** Extracted data follows **

lemma shift_even_tm: "shift (2 * n) tm = tm_morphism (shift n tm)"
proof
  fix k show "shift (2 * n) tm k = tm_morphism (shift n tm) k"
  proof (cases k rule: nat_even_odd_cases)
    case (even l)
    then show ?thesis using tm_even[of "n + l"] by (simp add: shift_def distrib_left)
  next
    case (odd l)
    then show ?thesis using tm_odd[of "n + l"] by (simp add: shift_def distrib_left)
  qed
qed

lemma shift_odd_tm: "shift (Suc (2 * n)) tm = shift 1 (tm_morphism (shift n tm))"
proof -
  have "shift (Suc (2 * n)) tm = shift 1 (shift (2 * n) tm)" by (simp add: shift_shift)
  then show ?thesis by (simp add: shift_even_tm)
qed

lemma lex_less_tm_morphism:
  assumes "\<And>k. x k \<le> 1" "\<And>k. y k \<le> 1"
  shows "lex_less (tm_morphism x) (tm_morphism y) \<longleftrightarrow> lex_less x y"
proof
  assume "lex_less x y"
  then obtain n where n: "\<forall>k<n. x k = y k" "x n < y n" by (auto simp: lex_less_def)
  show "lex_less (tm_morphism x) (tm_morphism y)"
  proof (rule lex_lessI[of "2 * n"])
    fix k assume "k < 2 * n"
    then show "tm_morphism x k = tm_morphism y k"
      using n(1) by (cases k rule: nat_even_odd_cases) auto
  qed (use n in simp)
next
  assume "lex_less (tm_morphism x) (tm_morphism y)"
  then obtain n where n: "\<forall>k<n. tm_morphism x k = tm_morphism y k"
    "tm_morphism x n < tm_morphism y n" by (auto simp: lex_less_def)
  show "lex_less x y"
  proof (cases n rule: nat_even_odd_cases)
    case (even l)
    have "x k = y k" if "k < l" for k
      using n(1)[rule_format, of "2 * k"] that even by simp
    then show ?thesis using n(2) even by (intro lex_lessI[of l]) auto
  next
    case (odd l)
    then have "x l = y l" using n(1)[rule_format, of "2 * l"] by simp
    then show ?thesis using n(2) odd by simp
  qed
qed

lemma lex_less_shift_1_tm_morphism:
  assumes x: "\<And>k. x k \<le> 1" and y: "\<And>k. y k \<le> 1"
  shows "lex_less (shift 1 (tm_morphism x)) (shift 1 (tm_morphism y)) \<longleftrightarrow>
    y 0 < x 0 \<or> (x 0 = y 0 \<and> lex_less x y)"
proof -
  have "lex_less x y \<longleftrightarrow> lex_less (prepend (x 0) (shift 1 x)) (prepend (y 0) (shift 1 y))"
    by (simp only: prepend_shift_1)
  moreover have "\<And>k. shift 1 x k \<le> 1" "\<And>k. shift 1 y k \<le> 1"
    using x y by (simp_all add: shift_def)
  moreover have "1 - x 0 < 1 - y 0 \<longleftrightarrow> y 0 < x 0" "1 - x 0 = 1 - y 0 \<longleftrightarrow> x 0 = y 0"
    using x[of 0] y[of 0] by auto
  ultimately show ?thesis
    unfolding shift_1_tm_morphism lex_less_prepend by (auto simp: lex_less_tm_morphism)
qed

lemma tm_morphism_lex_less_shift_1:
  assumes "\<And>k. x k \<le> 1" "y 0 = 0" "\<not> (y 1 = 0 \<and> y 2 = 0)"
  shows "lex_less (tm_morphism x) (shift 1 (tm_morphism y))"
proof -
  have "tm_morphism x = prepend (x 0) (prepend (1 - x 0) (prepend (x 1) (prepend (1 - x 1)
      (tm_morphism (shift 1 (shift 1 x))))))"
    using tm_morphism_unfold[of x] tm_morphism_unfold[of "shift 1 x"] by (simp add: shift_def)
  moreover have "shift 1 (tm_morphism y) = prepend 1 (prepend (y 1) (prepend (1 - y 1) (prepend (y 2)
      (shift 1 (tm_morphism (shift 1 (shift 1 y)))))))"
    using assms(2) tm_morphism_unfold[of "shift 1 y"] prepend_shift_1[of "tm_morphism (shift 1 (shift 1 y))"]
    unfolding shift_1_tm_morphism by (simp add: shift_def numeral_2_eq_2)
  ultimately show ?thesis
    using assms(1)[of 0] assms(1)[of 1] assms(3) by (auto simp: lex_less_prepend)
qed

lemma shift_1_tm_morphism_lex_less:
  assumes x: "\<And>k. x k \<le> 1" and y: "\<And>k. y k \<le> 1"
    and "y 0 = 1" "\<not> (y 1 = 1 \<and> y 2 = 1)"
  shows "lex_less (shift 1 (tm_morphism y)) (tm_morphism x)"
proof -
  have "lex_less (tm_morphism (\<lambda>k. 1 - x k)) (shift 1 (tm_morphism (\<lambda>k. 1 - y k)))"
    using assms(3,4) y[of 1] y[of 2]
    by (intro tm_morphism_lex_less_shift_1) auto
  moreover have "shift 1 (\<lambda>k. 1 - tm_morphism y k) = (\<lambda>k. 1 - shift 1 (tm_morphism y) k)"
    by (simp add: shift_def)
  ultimately have "lex_less (\<lambda>k. 1 - tm_morphism x k) (\<lambda>k. 1 - shift 1 (tm_morphism y) k)"
    unfolding tm_morphism_complement[OF x] tm_morphism_complement[OF y] by simp
  moreover have "\<And>k. shift 1 (tm_morphism y) k \<le> 1"
    using tm_morphism_le_1[OF y] by (simp add: shift_def)
  ultimately show ?thesis
    using lex_less_complement tm_morphism_le_1 x by blast
qed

** End of Extracted data **

What the task asks: All of the data above should be reproduced exactly, with nothing missing.

Solution below:
lemma shift_even_tm: "shift (2 * n) tm = tm_morphism (shift n tm)"
proof
  fix k show "shift (2 * n) tm k = tm_morphism (shift n tm) k"
  proof (cases k rule: nat_even_odd_cases)
    case (even l)
    then show ?thesis using tm_even[of "n + l"] by (simp add: shift_def distrib_left)
  next
    case (odd l)
    then show ?thesis using tm_odd[of "n + l"] by (simp add: shift_def distrib_left)
  qed
qed

lemma shift_odd_tm: "shift (Suc (2 * n)) tm = shift 1 (tm_morphism (shift n tm))"
proof -
  have "shift (Suc (2 * n)) tm = shift 1 (shift (2 * n) tm)" by (simp add: shift_shift)
  then show ?thesis by (simp add: shift_even_tm)
qed

lemma lex_less_tm_morphism:
  assumes "\<And>k. x k \<le> 1" "\<And>k. y k \<le> 1"
  shows "lex_less (tm_morphism x) (tm_morphism y) \<longleftrightarrow> lex_less x y"
proof
  assume "lex_less x y"
  then obtain n where n: "\<forall>k<n. x k = y k" "x n < y n" by (auto simp: lex_less_def)
  show "lex_less (tm_morphism x) (tm_morphism y)"
  proof (rule lex_lessI[of "2 * n"])
    fix k assume "k < 2 * n"
    then show "tm_morphism x k = tm_morphism y k"
      using n(1) by (cases k rule: nat_even_odd_cases) auto
  qed (use n in simp)
next
  assume "lex_less (tm_morphism x) (tm_morphism y)"
  then obtain n where n: "\<forall>k<n. tm_morphism x k = tm_morphism y k"
    "tm_morphism x n < tm_morphism y n" by (auto simp: lex_less_def)
  show "lex_less x y"
  proof (cases n rule: nat_even_odd_cases)
    case (even l)
    have "x k = y k" if "k < l" for k
      using n(1)[rule_format, of "2 * k"] that even by simp
    then show ?thesis using n(2) even by (intro lex_lessI[of l]) auto
  next
    case (odd l)
    then have "x l = y l" using n(1)[rule_format, of "2 * l"] by simp
    then show ?thesis using n(2) odd by simp
  qed
qed

lemma lex_less_shift_1_tm_morphism:
  assumes x: "\<And>k. x k \<le> 1" and y: "\<And>k. y k \<le> 1"
  shows "lex_less (shift 1 (tm_morphism x)) (shift 1 (tm_morphism y)) \<longleftrightarrow>
    y 0 < x 0 \<or> (x 0 = y 0 \<and> lex_less x y)"
proof -
  have "lex_less x y \<longleftrightarrow> lex_less (prepend (x 0) (shift 1 x)) (prepend (y 0) (shift 1 y))"
    by (simp only: prepend_shift_1)
  moreover have "\<And>k. shift 1 x k \<le> 1" "\<And>k. shift 1 y k \<le> 1"
    using x y by (simp_all add: shift_def)
  moreover have "1 - x 0 < 1 - y 0 \<longleftrightarrow> y 0 < x 0" "1 - x 0 = 1 - y 0 \<longleftrightarrow> x 0 = y 0"
    using x[of 0] y[of 0] by auto
  ultimately show ?thesis
    unfolding shift_1_tm_morphism lex_less_prepend by (auto simp: lex_less_tm_morphism)
qed

lemma tm_morphism_lex_less_shift_1:
  assumes "\<And>k. x k \<le> 1" "y 0 = 0" "\<not> (y 1 = 0 \<and> y 2 = 0)"
  shows "lex_less (tm_morphism x) (shift 1 (tm_morphism y))"
proof -
  have "tm_morphism x = prepend (x 0) (prepend (1 - x 0) (prepend (x 1) (prepend (1 - x 1)
      (tm_morphism (shift 1 (shift 1 x))))))"
    using tm_morphism_unfold[of x] tm_morphism_unfold[of "shift 1 x"] by (simp add: shift_def)
  moreover have "shift 1 (tm_morphism y) = prepend 1 (prepend (y 1) (prepend (1 - y 1) (prepend (y 2)
      (shift 1 (tm_morphism (shift 1 (shift 1 y)))))))"
    using assms(2) tm_morphism_unfold[of "shift 1 y"] prepend_shift_1[of "tm_morphism (shift 1 (shift 1 y))"]
    unfolding shift_1_tm_morphism by (simp add: shift_def numeral_2_eq_2)
  ultimately show ?thesis
    using assms(1)[of 0] assms(1)[of 1] assms(3) by (auto simp: lex_less_prepend)
qed

lemma shift_1_tm_morphism_lex_less:
  assumes x: "\<And>k. x k \<le> 1" and y: "\<And>k. y k \<le> 1"
    and "y 0 = 1" "\<not> (y 1 = 1 \<and> y 2 = 1)"
  shows "lex_less (shift 1 (tm_morphism y)) (tm_morphism x)"
proof -
  have "lex_less (tm_morphism (\<lambda>k. 1 - x k)) (shift 1 (tm_morphism (\<lambda>k. 1 - y k)))"
    using assms(3,4) y[of 1] y[of 2]
    by (intro tm_morphism_lex_less_shift_1) auto
  moreover have "shift 1 (\<lambda>k. 1 - tm_morphism y k) = (\<lambda>k. 1 - shift 1 (tm_morphism y) k)"
    by (simp add: shift_def)
  ultimately have "lex_less (\<lambda>k. 1 - tm_morphism x k) (\<lambda>k. 1 - shift 1 (tm_morphism y) k)"
    unfolding tm_morphism_complement[OF x] tm_morphism_complement[OF y] by simp
  moreover have "\<And>k. shift 1 (tm_morphism y) k \<le> 1"
    using tm_morphism_le_1[OF y] by (simp add: shift_def)
  ultimately show ?thesis
    using lex_less_complement tm_morphism_le_1 x by blast
qed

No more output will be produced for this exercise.